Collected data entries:
+--
lemma adjoint_majorized_if_compact_hull:
  assumes "FTvN lam" "doubly_stochastic lam D" "\<forall>x y. inner (Dadj x) y = inner x (D y)"
    and "compact (convex hull (orbit lam x))"
  shows "majorized lam (Dadj x) x"
  unfolding majorized_def
proof (rule ccontr)
  assume "Dadj x \<notin> convex hull (orbit lam x)"
  then obtain c where c: "\<And>z. z \<in> convex hull (orbit lam x) \<Longrightarrow> inner c z < inner c (Dadj x)"
    using compact_convex_strict_separation[OF assms(4) convex_convex_hull] by blast
  obtain z where z: "z \<in> orbit lam x" "inner c z = inner (lam c) (lam x)"
    using FTvN_commuting_in_orbit[OF assms(1)] .
  have "inner (lam c) (lam x) < inner c (Dadj x)"
    using c[OF hull_inc[OF z(1)]] z(2) by simp
  also have "\<dots> = inner x (D c)"
    using assms(3) by (simp add: inner_commute)
  also have "\<dots> \<le> inner (lam x) (lam c)"
    using majorized_inner_le[OF assms(1) doubly_stochastic_majorized[OF assms(2)]] .
  finally show False
    by (simp add: inner_commute)
qed

lemma doubly_stochastic_image_subset:
  assumes "doubly_stochastic lam D" "convex K" "spectral lam K"
  shows "D ` K \<subseteq> K"
  using majorized_spectral[OF assms(2,3) _ doubly_stochastic_majorized[OF assms(1)]] by blast

lemma doubly_stochastic_fixes_center:
  assumes "FTvN lam" "doubly_stochastic lam D" "u \<in> center lam"
  shows "D u = u"
  using majorized_central[OF assms(1) doubly_stochastic_majorized[OF assms(2)] assms(3)] .

lemma adjoint_fixes_center:
  assumes "doubly_stochastic lam D" "\<forall>x y. inner (Dadj x) y = inner x (D y)" "u \<in> center lam"
  shows "Dadj u = u"
proof -
  have "inner (Dadj u - u) y = 0" for y
    using assms(2) majorized_inner_central[OF doubly_stochastic_majorized[OF assms(1)] assms(3)]
    by (simp add: inner_diff_left)
  then show ?thesis
    by (metis inner_eq_zero_iff right_minus_eq)
qed

lemma unit_element_in_center: "unit_element lam e \<Longrightarrow> e \<in> center lam"
  unfolding unit_element_def by (metis rangeI scaleR_one)

theorem proposition9p2:
  fixes lam :: "'v::real_inner \<Rightarrow> 'w::real_inner" and D Dadj :: "'v \<Rightarrow> 'v"
  assumes "FTvN lam"
    and "doubly_stochastic lam D"
    and "\<forall>x y. inner (Dadj x) y = inner x (D y)"
  shows "(\<forall>K. convex K \<and> spectral lam K \<longrightarrow> D ` K \<subseteq> K)
     \<and> (\<forall>u\<in>center lam. D u = u \<and> Dadj u = u)
     \<and> (\<forall>e. unit_element lam e \<longrightarrow> D e = e \<and> Dadj e = e)
     \<and> ((\<exists>B. finite B \<and> span B = (UNIV :: 'v set)) \<longrightarrow> (\<forall>x. majorized lam (Dadj x) x))"
proof (intro conjI)
  show "\<forall>K. convex K \<and> spectral lam K \<longrightarrow> D ` K \<subseteq> K"
    using doubly_stochastic_image_subset[OF assms(2)] by blast
  show "\<forall>u\<in>center lam. D u = u \<and> Dadj u = u"
    using doubly_stochastic_fixes_center[OF assms(1,2)] adjoint_fixes_center[OF assms(2,3)] by blast
  then show "\<forall>e. unit_element lam e \<longrightarrow> D e = e \<and> Dadj e = e"
    using unit_element_in_center by blast
  show "(\<exists>B. finite B \<and> span B = (UNIV :: 'v set)) \<longrightarrow> (\<forall>x. majorized lam (Dadj x) x)"
    using compact_convex_hull_orbit[OF assms(1)] adjoint_majorized_if_compact_hull[OF assms] by blast
qed

end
+--
Goal of the exercise
The full set of entries, copied exactly, is the expected answer.

Result
lemma adjoint_majorized_if_compact_hull:
  assumes "FTvN lam" "doubly_stochastic lam D" "\<forall>x y. inner (Dadj x) y = inner x (D y)"
    and "compact (convex hull (orbit lam x))"
  shows "majorized lam (Dadj x) x"
  unfolding majorized_def
proof (rule ccontr)
  assume "Dadj x \<notin> convex hull (orbit lam x)"
  then obtain c where c: "\<And>z. z \<in> convex hull (orbit lam x) \<Longrightarrow> inner c z < inner c (Dadj x)"
    using compact_convex_strict_separation[OF assms(4) convex_convex_hull] by blast
  obtain z where z: "z \<in> orbit lam x" "inner c z = inner (lam c) (lam x)"
    using FTvN_commuting_in_orbit[OF assms(1)] .
  have "inner (lam c) (lam x) < inner c (Dadj x)"
    using c[OF hull_inc[OF z(1)]] z(2) by simp
  also have "\<dots> = inner x (D c)"
    using assms(3) by (simp add: inner_commute)
  also have "\<dots> \<le> inner (lam x) (lam c)"
    using majorized_inner_le[OF assms(1) doubly_stochastic_majorized[OF assms(2)]] .
  finally show False
    by (simp add: inner_commute)
qed

lemma doubly_stochastic_image_subset:
  assumes "doubly_stochastic lam D" "convex K" "spectral lam K"
  shows "D ` K \<subseteq> K"
  using majorized_spectral[OF assms(2,3) _ doubly_stochastic_majorized[OF assms(1)]] by blast

lemma doubly_stochastic_fixes_center:
  assumes "FTvN lam" "doubly_stochastic lam D" "u \<in> center lam"
  shows "D u = u"
  using majorized_central[OF assms(1) doubly_stochastic_majorized[OF assms(2)] assms(3)] .

lemma adjoint_fixes_center:
  assumes "doubly_stochastic lam D" "\<forall>x y. inner (Dadj x) y = inner x (D y)" "u \<in> center lam"
  shows "Dadj u = u"
proof -
  have "inner (Dadj u - u) y = 0" for y
    using assms(2) majorized_inner_central[OF doubly_stochastic_majorized[OF assms(1)] assms(3)]
    by (simp add: inner_diff_left)
  then show ?thesis
    by (metis inner_eq_zero_iff right_minus_eq)
qed

lemma unit_element_in_center: "unit_element lam e \<Longrightarrow> e \<in> center lam"
  unfolding unit_element_def by (metis rangeI scaleR_one)

theorem proposition9p2:
  fixes lam :: "'v::real_inner \<Rightarrow> 'w::real_inner" and D Dadj :: "'v \<Rightarrow> 'v"
  assumes "FTvN lam"
    and "doubly_stochastic lam D"
    and "\<forall>x y. inner (Dadj x) y = inner x (D y)"
  shows "(\<forall>K. convex K \<and> spectral lam K \<longrightarrow> D ` K \<subseteq> K)
     \<and> (\<forall>u\<in>center lam. D u = u \<and> Dadj u = u)
     \<and> (\<forall>e. unit_element lam e \<longrightarrow> D e = e \<and> Dadj e = e)
     \<and> ((\<exists>B. finite B \<and> span B = (UNIV :: 'v set)) \<longrightarrow> (\<forall>x. majorized lam (Dadj x) x))"
proof (intro conjI)
  show "\<forall>K. convex K \<and> spectral lam K \<longrightarrow> D ` K \<subseteq> K"
    using doubly_stochastic_image_subset[OF assms(2)] by blast
  show "\<forall>u\<in>center lam. D u = u \<and> Dadj u = u"
    using doubly_stochastic_fixes_center[OF assms(1,2)] adjoint_fixes_center[OF assms(2,3)] by blast
  then show "\<forall>e. unit_element lam e \<longrightarrow> D e = e \<and> Dadj e = e"
    using unit_element_in_center by blast
  show "(\<exists>B. finite B \<and> span B = (UNIV :: 'v set)) \<longrightarrow> (\<forall>x. majorized lam (Dadj x) x)"
    using compact_convex_hull_orbit[OF assms(1)] adjoint_majorized_if_compact_hull[OF assms] by blast
qed

end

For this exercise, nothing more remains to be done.